(YOUR TASK) Report every line of the data that includes "metis".

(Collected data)
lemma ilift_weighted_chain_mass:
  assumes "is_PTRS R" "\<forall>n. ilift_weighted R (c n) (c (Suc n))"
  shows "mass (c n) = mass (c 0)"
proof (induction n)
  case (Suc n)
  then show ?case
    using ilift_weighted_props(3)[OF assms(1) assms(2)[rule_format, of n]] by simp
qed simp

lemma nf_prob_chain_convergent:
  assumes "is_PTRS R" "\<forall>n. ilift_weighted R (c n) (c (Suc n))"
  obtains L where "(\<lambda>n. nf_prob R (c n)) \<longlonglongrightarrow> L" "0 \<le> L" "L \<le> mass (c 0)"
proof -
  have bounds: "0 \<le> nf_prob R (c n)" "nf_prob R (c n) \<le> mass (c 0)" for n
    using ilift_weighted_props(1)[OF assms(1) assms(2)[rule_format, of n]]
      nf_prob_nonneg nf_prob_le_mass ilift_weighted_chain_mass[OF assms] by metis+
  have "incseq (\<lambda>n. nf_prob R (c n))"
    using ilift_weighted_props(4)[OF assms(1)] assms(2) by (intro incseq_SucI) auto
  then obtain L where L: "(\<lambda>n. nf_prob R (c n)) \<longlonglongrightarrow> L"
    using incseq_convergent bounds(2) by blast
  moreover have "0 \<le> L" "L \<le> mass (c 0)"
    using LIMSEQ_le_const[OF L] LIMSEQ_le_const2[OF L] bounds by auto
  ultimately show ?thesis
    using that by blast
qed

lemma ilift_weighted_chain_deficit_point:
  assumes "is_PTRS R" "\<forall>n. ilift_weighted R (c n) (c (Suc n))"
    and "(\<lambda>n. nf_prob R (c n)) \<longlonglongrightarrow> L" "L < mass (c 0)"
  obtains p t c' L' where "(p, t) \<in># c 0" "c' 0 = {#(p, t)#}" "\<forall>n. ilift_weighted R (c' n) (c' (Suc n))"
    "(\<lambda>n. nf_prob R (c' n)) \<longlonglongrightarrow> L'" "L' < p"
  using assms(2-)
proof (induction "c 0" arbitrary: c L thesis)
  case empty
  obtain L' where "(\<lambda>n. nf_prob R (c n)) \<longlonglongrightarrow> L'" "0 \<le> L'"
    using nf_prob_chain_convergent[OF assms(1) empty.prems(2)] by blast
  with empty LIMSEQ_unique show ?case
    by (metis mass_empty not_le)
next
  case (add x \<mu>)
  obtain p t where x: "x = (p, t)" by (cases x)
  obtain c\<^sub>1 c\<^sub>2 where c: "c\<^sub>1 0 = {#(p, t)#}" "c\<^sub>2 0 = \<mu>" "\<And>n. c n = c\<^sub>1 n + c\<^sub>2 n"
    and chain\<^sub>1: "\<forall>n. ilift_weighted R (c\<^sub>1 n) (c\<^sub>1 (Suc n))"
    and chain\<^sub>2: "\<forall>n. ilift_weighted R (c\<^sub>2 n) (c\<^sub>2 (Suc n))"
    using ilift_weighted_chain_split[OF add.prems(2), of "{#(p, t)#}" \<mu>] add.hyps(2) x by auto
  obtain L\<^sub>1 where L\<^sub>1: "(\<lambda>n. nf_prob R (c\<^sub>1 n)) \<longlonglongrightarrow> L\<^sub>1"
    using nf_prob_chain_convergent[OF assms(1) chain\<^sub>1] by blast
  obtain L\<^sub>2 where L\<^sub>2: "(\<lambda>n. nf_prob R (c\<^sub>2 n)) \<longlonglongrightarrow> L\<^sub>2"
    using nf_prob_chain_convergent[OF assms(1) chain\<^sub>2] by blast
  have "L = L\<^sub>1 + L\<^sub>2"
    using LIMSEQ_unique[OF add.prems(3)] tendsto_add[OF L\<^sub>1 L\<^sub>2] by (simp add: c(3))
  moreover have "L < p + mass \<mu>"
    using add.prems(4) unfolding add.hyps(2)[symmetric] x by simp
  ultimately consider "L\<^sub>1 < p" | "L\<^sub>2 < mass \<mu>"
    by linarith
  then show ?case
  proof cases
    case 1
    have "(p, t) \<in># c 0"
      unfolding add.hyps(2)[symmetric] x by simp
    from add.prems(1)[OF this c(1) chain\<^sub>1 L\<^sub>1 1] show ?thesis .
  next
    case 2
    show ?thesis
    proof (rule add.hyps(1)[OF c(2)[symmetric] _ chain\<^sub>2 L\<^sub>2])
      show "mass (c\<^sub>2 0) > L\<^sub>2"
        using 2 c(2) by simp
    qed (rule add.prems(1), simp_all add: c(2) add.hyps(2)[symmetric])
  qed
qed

(TASK RESULT)
      nf_prob_nonneg nf_prob_le_mass ilift_weighted_chain_mass[OF assms] by metis+
    by (metis mass_empty not_le)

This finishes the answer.